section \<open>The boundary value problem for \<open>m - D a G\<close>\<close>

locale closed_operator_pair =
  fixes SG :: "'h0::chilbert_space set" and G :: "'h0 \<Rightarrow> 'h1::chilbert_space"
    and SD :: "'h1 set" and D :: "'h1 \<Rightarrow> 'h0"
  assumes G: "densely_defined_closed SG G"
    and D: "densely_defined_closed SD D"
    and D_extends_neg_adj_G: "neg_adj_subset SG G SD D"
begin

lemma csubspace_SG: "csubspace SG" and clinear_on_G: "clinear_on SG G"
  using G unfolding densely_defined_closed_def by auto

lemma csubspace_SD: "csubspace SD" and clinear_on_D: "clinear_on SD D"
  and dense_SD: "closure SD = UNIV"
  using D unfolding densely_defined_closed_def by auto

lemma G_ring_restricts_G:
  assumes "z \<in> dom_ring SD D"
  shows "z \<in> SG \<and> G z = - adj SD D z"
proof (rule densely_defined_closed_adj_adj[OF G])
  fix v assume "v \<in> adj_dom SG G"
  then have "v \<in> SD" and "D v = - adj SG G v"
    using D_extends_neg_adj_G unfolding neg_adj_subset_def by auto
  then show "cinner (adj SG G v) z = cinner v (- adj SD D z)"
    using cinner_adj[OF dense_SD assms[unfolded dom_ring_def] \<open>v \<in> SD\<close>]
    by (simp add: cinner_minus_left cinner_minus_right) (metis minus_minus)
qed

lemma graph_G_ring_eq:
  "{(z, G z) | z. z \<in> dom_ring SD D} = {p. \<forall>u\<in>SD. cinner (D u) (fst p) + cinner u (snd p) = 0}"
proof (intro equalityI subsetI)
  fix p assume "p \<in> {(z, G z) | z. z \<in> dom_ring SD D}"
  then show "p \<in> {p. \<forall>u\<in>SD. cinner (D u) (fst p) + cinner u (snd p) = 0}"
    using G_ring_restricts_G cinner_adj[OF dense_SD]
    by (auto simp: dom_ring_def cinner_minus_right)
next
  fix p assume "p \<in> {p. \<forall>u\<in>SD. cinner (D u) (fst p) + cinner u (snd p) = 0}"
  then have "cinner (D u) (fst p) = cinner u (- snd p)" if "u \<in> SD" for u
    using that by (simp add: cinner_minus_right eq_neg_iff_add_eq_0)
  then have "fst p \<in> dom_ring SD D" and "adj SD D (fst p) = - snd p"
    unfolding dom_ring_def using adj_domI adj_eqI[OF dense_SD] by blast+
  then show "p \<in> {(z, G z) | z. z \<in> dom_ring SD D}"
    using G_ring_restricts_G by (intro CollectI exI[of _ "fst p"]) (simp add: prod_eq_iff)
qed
:::::
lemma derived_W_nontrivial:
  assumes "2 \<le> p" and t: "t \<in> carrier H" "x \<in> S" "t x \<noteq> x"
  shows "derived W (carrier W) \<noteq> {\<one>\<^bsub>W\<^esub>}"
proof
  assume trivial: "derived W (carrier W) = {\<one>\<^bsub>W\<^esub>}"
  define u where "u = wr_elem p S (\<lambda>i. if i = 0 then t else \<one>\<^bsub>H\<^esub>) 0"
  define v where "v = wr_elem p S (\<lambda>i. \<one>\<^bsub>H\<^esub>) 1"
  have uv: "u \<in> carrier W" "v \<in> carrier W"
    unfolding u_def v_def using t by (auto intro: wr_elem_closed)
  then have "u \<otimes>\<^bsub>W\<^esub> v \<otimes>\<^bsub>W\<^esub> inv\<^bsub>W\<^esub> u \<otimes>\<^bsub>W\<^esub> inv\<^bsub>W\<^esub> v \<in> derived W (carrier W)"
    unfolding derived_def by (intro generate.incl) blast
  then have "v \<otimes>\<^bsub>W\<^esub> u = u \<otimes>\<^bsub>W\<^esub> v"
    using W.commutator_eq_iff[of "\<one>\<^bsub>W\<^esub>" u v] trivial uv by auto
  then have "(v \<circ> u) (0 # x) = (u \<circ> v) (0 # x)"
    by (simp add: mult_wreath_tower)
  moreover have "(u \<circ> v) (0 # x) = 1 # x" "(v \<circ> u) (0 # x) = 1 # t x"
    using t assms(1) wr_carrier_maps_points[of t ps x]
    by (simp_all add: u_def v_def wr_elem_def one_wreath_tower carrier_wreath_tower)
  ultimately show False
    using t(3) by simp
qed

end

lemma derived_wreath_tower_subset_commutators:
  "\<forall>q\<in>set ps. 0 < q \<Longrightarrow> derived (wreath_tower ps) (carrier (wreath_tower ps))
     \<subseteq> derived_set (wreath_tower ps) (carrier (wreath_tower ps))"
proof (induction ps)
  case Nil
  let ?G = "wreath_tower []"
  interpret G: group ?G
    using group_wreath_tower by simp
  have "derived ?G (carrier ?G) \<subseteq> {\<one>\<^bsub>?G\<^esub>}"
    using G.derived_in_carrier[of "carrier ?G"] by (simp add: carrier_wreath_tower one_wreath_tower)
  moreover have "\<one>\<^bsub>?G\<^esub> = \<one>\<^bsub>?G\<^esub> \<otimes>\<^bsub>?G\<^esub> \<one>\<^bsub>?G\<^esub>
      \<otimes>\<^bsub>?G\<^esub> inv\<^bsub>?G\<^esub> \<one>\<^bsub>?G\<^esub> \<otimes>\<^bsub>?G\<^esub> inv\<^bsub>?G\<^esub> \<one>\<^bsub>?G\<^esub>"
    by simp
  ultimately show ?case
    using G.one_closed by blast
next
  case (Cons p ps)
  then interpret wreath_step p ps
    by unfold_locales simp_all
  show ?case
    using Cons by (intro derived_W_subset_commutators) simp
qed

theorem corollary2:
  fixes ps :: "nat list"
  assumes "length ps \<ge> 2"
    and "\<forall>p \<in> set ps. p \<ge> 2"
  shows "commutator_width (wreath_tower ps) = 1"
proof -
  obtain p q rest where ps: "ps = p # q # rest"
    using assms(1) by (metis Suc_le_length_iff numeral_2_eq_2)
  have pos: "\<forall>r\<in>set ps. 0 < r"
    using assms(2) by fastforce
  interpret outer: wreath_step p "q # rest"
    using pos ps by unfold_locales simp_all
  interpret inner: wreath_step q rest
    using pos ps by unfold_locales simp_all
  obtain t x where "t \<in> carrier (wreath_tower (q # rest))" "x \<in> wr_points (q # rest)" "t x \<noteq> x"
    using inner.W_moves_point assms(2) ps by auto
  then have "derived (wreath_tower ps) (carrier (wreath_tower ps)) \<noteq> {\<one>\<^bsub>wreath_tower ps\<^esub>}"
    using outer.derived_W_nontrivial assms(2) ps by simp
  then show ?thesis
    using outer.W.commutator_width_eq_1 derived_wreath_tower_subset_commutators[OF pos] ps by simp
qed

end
:::::
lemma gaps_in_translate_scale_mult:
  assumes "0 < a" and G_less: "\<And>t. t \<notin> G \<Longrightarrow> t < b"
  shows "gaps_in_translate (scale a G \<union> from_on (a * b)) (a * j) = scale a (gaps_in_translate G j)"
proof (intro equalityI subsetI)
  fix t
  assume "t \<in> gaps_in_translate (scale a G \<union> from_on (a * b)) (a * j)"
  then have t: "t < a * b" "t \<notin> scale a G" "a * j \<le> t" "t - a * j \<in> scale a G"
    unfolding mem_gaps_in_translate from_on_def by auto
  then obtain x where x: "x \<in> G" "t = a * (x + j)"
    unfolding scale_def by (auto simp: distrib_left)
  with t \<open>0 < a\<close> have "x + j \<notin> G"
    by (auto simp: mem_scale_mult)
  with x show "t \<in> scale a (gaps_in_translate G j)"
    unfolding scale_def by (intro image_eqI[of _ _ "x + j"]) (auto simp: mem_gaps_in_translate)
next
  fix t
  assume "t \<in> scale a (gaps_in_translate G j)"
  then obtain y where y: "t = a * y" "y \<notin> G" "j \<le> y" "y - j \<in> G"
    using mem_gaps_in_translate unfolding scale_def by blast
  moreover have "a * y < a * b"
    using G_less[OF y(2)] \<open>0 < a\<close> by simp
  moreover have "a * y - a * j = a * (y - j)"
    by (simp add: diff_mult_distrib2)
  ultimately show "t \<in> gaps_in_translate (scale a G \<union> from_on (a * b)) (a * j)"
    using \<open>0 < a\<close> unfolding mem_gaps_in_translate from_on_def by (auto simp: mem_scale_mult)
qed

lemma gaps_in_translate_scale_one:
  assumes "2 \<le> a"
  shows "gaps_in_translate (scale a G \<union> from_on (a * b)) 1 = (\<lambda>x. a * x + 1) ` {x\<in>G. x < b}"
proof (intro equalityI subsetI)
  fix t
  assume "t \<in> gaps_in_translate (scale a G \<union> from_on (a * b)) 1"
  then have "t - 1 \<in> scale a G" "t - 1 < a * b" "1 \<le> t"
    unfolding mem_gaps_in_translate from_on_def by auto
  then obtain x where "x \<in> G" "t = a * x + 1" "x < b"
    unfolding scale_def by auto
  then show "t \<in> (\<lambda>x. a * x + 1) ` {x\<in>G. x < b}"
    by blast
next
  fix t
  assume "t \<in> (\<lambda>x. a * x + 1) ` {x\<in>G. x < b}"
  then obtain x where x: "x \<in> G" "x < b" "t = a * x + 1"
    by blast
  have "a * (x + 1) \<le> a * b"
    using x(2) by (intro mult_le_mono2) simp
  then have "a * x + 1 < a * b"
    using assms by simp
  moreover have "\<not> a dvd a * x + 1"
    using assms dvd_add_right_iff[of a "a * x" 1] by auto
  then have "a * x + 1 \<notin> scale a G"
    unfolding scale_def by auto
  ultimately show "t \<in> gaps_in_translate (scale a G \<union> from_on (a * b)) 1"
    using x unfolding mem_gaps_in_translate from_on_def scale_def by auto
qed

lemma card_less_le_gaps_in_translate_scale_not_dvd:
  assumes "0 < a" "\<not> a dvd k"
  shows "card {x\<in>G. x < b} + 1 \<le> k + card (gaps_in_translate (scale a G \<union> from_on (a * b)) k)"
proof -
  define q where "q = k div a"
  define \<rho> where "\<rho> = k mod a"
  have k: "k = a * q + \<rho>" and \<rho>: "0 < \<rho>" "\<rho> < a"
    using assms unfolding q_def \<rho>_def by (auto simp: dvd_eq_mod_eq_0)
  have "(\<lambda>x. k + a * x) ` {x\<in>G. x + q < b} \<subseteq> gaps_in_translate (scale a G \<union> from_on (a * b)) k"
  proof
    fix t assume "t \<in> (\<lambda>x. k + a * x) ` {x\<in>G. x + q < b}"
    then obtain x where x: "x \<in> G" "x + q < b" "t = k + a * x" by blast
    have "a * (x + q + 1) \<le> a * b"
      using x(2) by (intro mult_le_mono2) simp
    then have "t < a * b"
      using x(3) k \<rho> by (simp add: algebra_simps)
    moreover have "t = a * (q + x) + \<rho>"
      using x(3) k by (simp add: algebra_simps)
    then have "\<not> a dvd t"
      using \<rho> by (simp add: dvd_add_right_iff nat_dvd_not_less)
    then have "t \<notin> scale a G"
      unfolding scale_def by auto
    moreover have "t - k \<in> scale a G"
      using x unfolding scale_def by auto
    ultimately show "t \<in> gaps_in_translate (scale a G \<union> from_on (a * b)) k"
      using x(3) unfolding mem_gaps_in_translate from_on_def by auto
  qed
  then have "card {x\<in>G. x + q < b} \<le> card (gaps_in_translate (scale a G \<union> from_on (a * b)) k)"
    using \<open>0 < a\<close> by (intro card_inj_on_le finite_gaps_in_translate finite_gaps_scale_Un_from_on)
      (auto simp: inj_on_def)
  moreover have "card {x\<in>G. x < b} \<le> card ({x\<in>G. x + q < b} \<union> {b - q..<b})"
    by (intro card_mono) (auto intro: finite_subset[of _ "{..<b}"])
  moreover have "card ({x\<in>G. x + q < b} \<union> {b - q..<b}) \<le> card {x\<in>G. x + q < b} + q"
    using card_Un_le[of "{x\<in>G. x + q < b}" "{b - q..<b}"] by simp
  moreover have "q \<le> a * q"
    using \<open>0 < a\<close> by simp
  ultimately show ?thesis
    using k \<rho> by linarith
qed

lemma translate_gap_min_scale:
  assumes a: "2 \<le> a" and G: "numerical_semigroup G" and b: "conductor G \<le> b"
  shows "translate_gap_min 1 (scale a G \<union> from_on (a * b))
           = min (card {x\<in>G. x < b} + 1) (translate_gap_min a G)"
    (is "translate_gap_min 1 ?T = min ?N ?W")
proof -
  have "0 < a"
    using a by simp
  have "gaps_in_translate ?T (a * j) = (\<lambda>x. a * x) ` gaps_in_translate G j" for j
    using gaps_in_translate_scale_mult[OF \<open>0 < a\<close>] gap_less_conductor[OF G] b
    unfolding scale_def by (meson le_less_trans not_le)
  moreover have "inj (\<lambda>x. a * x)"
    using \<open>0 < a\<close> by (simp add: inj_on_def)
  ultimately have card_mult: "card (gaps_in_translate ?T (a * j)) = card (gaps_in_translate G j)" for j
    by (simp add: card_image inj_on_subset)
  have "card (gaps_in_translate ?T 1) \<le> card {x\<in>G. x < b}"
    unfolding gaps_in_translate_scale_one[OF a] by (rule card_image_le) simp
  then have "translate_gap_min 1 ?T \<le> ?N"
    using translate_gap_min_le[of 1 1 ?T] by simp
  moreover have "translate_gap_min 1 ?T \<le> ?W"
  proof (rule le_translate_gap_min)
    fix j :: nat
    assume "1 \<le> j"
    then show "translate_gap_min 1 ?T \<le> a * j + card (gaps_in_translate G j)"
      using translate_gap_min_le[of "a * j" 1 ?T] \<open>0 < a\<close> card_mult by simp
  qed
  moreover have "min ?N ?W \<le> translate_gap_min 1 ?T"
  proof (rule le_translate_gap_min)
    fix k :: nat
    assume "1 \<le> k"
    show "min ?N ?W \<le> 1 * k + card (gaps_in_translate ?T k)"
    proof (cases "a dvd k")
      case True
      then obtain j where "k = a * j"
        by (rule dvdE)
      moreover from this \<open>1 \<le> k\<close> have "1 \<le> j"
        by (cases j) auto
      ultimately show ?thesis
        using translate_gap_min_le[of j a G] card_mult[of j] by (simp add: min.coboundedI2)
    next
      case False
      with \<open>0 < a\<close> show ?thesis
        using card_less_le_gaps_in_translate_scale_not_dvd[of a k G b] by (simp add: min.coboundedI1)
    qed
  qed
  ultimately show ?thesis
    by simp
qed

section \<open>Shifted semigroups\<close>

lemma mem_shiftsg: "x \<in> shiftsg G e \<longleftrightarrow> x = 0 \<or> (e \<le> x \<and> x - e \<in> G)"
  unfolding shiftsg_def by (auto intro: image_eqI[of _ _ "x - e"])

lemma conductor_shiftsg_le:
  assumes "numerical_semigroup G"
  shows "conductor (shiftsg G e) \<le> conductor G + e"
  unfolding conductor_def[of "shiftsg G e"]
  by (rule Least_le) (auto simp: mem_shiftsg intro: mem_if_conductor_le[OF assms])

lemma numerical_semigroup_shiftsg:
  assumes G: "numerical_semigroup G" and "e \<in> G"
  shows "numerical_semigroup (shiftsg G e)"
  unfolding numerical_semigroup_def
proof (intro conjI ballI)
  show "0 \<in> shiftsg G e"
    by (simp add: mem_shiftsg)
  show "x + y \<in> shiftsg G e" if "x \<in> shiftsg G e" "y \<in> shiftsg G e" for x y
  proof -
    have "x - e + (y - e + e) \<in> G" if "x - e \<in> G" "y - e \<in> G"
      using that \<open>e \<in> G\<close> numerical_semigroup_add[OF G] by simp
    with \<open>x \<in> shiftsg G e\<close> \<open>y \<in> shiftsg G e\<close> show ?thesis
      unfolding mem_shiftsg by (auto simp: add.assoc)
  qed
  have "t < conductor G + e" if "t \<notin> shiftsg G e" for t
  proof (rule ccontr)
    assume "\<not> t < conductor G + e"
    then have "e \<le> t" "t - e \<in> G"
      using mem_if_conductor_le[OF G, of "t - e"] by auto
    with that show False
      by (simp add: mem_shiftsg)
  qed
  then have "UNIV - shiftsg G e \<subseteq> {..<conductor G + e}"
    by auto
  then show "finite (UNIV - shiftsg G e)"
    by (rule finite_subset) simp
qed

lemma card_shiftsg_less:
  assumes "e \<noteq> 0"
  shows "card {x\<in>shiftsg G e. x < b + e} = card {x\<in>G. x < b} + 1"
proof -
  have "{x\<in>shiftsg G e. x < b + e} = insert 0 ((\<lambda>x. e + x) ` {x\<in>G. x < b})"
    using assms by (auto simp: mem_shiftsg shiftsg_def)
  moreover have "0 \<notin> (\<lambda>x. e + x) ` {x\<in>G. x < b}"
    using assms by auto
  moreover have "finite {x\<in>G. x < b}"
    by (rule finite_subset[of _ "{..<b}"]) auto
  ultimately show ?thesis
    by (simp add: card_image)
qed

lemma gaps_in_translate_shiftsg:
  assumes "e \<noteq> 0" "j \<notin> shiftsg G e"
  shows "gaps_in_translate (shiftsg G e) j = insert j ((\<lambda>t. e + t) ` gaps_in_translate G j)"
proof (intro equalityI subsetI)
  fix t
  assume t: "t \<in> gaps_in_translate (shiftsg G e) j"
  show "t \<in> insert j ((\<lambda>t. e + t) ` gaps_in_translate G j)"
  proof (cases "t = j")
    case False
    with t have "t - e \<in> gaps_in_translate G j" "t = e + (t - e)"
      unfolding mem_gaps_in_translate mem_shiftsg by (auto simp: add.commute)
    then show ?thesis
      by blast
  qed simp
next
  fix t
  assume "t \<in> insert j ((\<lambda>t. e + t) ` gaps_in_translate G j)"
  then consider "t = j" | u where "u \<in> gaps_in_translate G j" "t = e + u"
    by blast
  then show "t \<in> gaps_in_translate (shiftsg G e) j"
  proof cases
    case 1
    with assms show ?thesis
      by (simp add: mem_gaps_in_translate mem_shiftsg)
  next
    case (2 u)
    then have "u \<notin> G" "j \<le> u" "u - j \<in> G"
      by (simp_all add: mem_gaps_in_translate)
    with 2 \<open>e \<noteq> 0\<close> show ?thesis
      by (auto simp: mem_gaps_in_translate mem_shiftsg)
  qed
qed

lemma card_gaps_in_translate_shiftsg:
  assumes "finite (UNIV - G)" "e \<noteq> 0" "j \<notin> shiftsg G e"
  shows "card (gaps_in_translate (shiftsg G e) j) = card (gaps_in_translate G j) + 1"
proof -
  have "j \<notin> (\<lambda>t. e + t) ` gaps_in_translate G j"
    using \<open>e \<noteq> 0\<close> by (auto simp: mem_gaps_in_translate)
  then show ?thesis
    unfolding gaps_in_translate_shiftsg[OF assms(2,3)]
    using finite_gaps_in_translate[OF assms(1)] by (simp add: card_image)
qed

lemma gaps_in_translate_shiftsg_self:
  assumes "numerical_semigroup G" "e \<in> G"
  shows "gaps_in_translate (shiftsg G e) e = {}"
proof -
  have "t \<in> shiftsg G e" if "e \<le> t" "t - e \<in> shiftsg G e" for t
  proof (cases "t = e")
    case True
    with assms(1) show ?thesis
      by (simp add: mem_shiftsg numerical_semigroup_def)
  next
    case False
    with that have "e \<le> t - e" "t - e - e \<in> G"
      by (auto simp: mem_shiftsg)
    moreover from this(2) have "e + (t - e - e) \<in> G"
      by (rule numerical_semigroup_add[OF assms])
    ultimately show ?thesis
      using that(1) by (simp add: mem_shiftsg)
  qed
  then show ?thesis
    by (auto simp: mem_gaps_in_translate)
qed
:::::
## Task details
Locate the string "with" in the listing above and copy every line where it occurs.

## Task output
  with t \<open>0 < a\<close> have "x + j \<notin> G"
  with x show "t \<in> scale a (gaps_in_translate G j)"
      with \<open>0 < a\<close> show ?thesis
    with \<open>x \<in> shiftsg G e\<close> \<open>y \<in> shiftsg G e\<close> show ?thesis
    with that show False
    with t have "t - e \<in> gaps_in_translate G j" "t = e + (t - e)"
    with assms show ?thesis
    with 2 \<open>e \<noteq> 0\<close> show ?thesis
    with assms(1) show ?thesis
    with that have "e \<le> t - e" "t - e - e \<in> G"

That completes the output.